Swala’s subsidiary operator at the properties, Swala Oil and Gas (Tanzania), has awarded the Drill Support Team contract for the 2016 drilling campaign to the Tanzanian subsidiary of AWT International (Asia), a Singapore-headquartered firm offering subsurface, subsea and surface facilities engineering services and contracting solutions to the oil and gas industry.

The Drill Support Team will effectively act as Swala Tanzania’s drilling management team, tasked with designing the wells, implementing the planning required ahead of the wells, including the ordering of long-lead items, and primarily to engage with rig contractors (and operators) in the area to determine the optimal rig sequencing and the design and cost of the wells.

The award allows drill planning to begin immediately and sets up Swala to achieve its 2016 drilling objectives.

The Kilosa-Kilombero licence has three deep basins – Kidatu, Kilosa and Kilombero.  The Pangani licence has one – the Moshi basin. 

The two projects are considered geologically related to structures which host at least 2 billion barrels of oil.

Seismic work carried out in 2013 identified a large-scale structure in the Kilosa basin, measuring some 40-50 square kilometres in extent. More importantly, it identified the “Kito” prospect in the Kilombero basin, where initial analysis suggested structural trapping analogous to that seen in Uganda (where more than 4 billion barrels of oil have been discovered to date) and Kenya (more than 600 million barrels). 

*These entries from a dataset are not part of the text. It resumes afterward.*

definition lbr :: "('k::field \<Rightarrow> 'g::ab_group_add \<Rightarrow> 'g) \<Rightarrow> ('g \<Rightarrow> 'g \<Rightarrow> 'g) \<Rightarrow> ('g \<Rightarrow> 'v \<Rightarrow> 'v)
    \<Rightarrow> nat \<Rightarrow> nat \<Rightarrow> ('v list \<Rightarrow> 'g) \<Rightarrow> ('v list \<Rightarrow> 'g) \<Rightarrow> 'v list \<Rightarrow> 'g" where
  "lbr sg lb rho n m P Q us =
     (if n = 0 then 0 else
       (\<Sum>\<sigma>\<in>unshuffles [m, 1, n - 1]. sg (of_int (sign \<sigma>))
          (P (rho (Q (args us \<sigma> 0 m)) (us ! \<sigma> m) # args us \<sigma> (m + 1) (m + n)))))
   - sg ((-1) ^ (m * n))
     (if m = 0 then 0 else
       (\<Sum>\<sigma>\<in>unshuffles [n, 1, m - 1]. sg (of_int (sign \<sigma>))
          (Q (rho (P (args us \<sigma> 0 n)) (us ! \<sigma> n) # args us \<sigma> (n + 1) (m + n)))))
   + sg ((-1) ^ (m * n))
       (\<Sum>\<sigma>\<in>unshuffles [n, m]. sg (of_int (sign \<sigma>))
          (lb (P (args us \<sigma> 0 n)) (Q (args us \<sigma> n (n + m)))))"

(* alpha \<circ> beta for alpha \<in> Hom(\<wedge>^n V \<otimes> V, V), beta \<in> Hom(\<wedge>^m V \<otimes> V, V);
   us = [u_1,...,u_{m+n+1}] *)
definition compC :: "('k::field \<Rightarrow> 'v::ab_group_add \<Rightarrow> 'v) \<Rightarrow> nat \<Rightarrow> nat
    \<Rightarrow> ('v list \<Rightarrow> 'v) \<Rightarrow> ('v list \<Rightarrow> 'v) \<Rightarrow> 'v list \<Rightarrow> 'v" where
  "compC sv n m \<alpha> \<beta> us =
     (if n = 0 then 0 else
       (\<Sum>\<sigma>\<in>unshuffles [m, 1, n - 1]. sv (of_int (sign \<sigma>))
          (\<alpha> (\<beta> (args us \<sigma> 0 (m + 1)) # args us \<sigma> (m + 1) (m + n) @ [us ! (m + n)]))))
   + sv ((-1) ^ (m * n))
       (\<Sum>\<sigma>\<in>unshuffles [n, m]. sv (of_int (sign \<sigma>))
          (\<alpha> (args us \<sigma> 0 n @ [\<beta> (args us \<sigma> n (n + m) @ [us ! (m + n)])])))"

definition brC :: "('k::field \<Rightarrow> 'v::ab_group_add \<Rightarrow> 'v) \<Rightarrow> nat \<Rightarrow> nat
    \<Rightarrow> ('v list \<Rightarrow> 'v) \<Rightarrow> ('v list \<Rightarrow> 'v) \<Rightarrow> 'v list \<Rightarrow> 'v" where
  "brC sv n m \<alpha> \<beta> us = compC sv n m \<alpha> \<beta> us - sv ((-1) ^ (m * n)) (compC sv m n \<beta> \<alpha> us)"

definition Phi :: "('g \<Rightarrow> 'v \<Rightarrow> 'v) \<Rightarrow> nat \<Rightarrow> ('v list \<Rightarrow> 'g) \<Rightarrow> 'v list \<Rightarrow> 'v" where
  "Phi rho k f us = rho (f (take k us)) (us ! k)"

end

theory Submission
  imports Defs
begin

(* Applying \<rho> to the bracket term by term, the two insertion sums of [[P,Q]] become the
   first sums of \<Phi>(P) \<circ> \<Phi>(Q) and \<Phi>(Q) \<circ> \<Phi>(P), while the commutator sum splits via
   \<rho>[x,y] = \<rho>(x)\<rho>(y) - \<rho>(y)\<rho>(x) into two sums of composed actions.  These are the second sums
   of the two compositions, once the unshuffles S_(m,n) and S_(n,m) are matched by
   exchanging the two blocks, a permutation of sign (-1)^(mn).  No multilinearity of P, Q
   is needed: the identity holds for arbitrary maps. *)

definition shift_cycle :: "nat \<Rightarrow> nat \<Rightarrow> nat" where
  "shift_cycle N i = (if i < N then (if Suc i = N then 0 else Suc i) else i)"

lemma shift_cycle_0: "shift_cycle 0 = id"
  by (rule ext) (simp add: shift_cycle_def)

lemma shift_cycle_Suc: "shift_cycle (Suc N) = transpose 0 N \<circ> shift_cycle N"
  by (rule ext) (auto simp: shift_cycle_def transpose_def)

lemma permutation_shift_cycle: "permutation (shift_cycle N)"
proof (induction N)
  case (Suc N)
  show ?case
    unfolding shift_cycle_Suc by (rule permutation_compose[OF permutation_swap_id Suc.IH])
qed (simp add: shift_cycle_0)

lemma sign_shift_cycle: "sign (shift_cycle N) = (-1) ^ (N - 1)"
proof (induction N)
  case (Suc N)
  have "sign (shift_cycle (Suc N)) = sign (transpose 0 N) * sign (shift_cycle N)"
    by (simp only: shift_cycle_Suc sign_compose permutation_swap_id permutation_shift_cycle)
  with Suc.IH show ?case
    by (cases N) (simp_all add: sign_swap_id)
qed (simp add: shift_cycle_0)

lemma funpow_shift_cycle: "(shift_cycle N ^^ k) i = (if i < N then (i + k) mod N else i)"
  by (induction k) (auto simp: shift_cycle_def mod_Suc)

lemma permutation_funpow: "permutation p \<Longrightarrow> permutation (p ^^ k)"
  by (induction k) (simp_all add: permutation_compose)

lemma sign_funpow: "permutation p \<Longrightarrow> sign (p ^^ k) = sign p ^ k"
  by (induction k) (simp_all add: sign_compose permutation_funpow)

definition block_swap :: "nat \<Rightarrow> nat \<Rightarrow> nat \<Rightarrow> nat" where
  "block_swap a b i = (if i < a then i + b else if i < a + b then i - a else i)"

lemma block_swap_eq_funpow: "block_swap a b = shift_cycle (a + b) ^^ b"
proof (rule ext)
  fix i
  have "(i + b) mod (a + b) = i - a" if "a \<le> i" "i < a + b"
    using that by (simp add: mod_if)
  then show "block_swap a b i = (shift_cycle (a + b) ^^ b) i"
    by (simp add: funpow_shift_cycle block_swap_def)
qed

lemma permutation_block_swap: "permutation (block_swap a b)"
  by (simp add: block_swap_eq_funpow permutation_funpow permutation_shift_cycle)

A second seismic survey in 2014, concentrating on the Kilombero basin, slightly increased the size of the Kito prospect and identified a further six leads and prospects that contribute to the basin’s potential upside.

The 17,156-square-kilometre Pangani licence, meanwhile, has demonstrated the existence of in Moshi of a fault-bounded basin some 25 kilometres wide with sedimentary fill of between 2,000 -3,000 metres.  The company is still reviewing the 2014 seismic data and focusing on the Kikuletwa lead, to the west of the basin.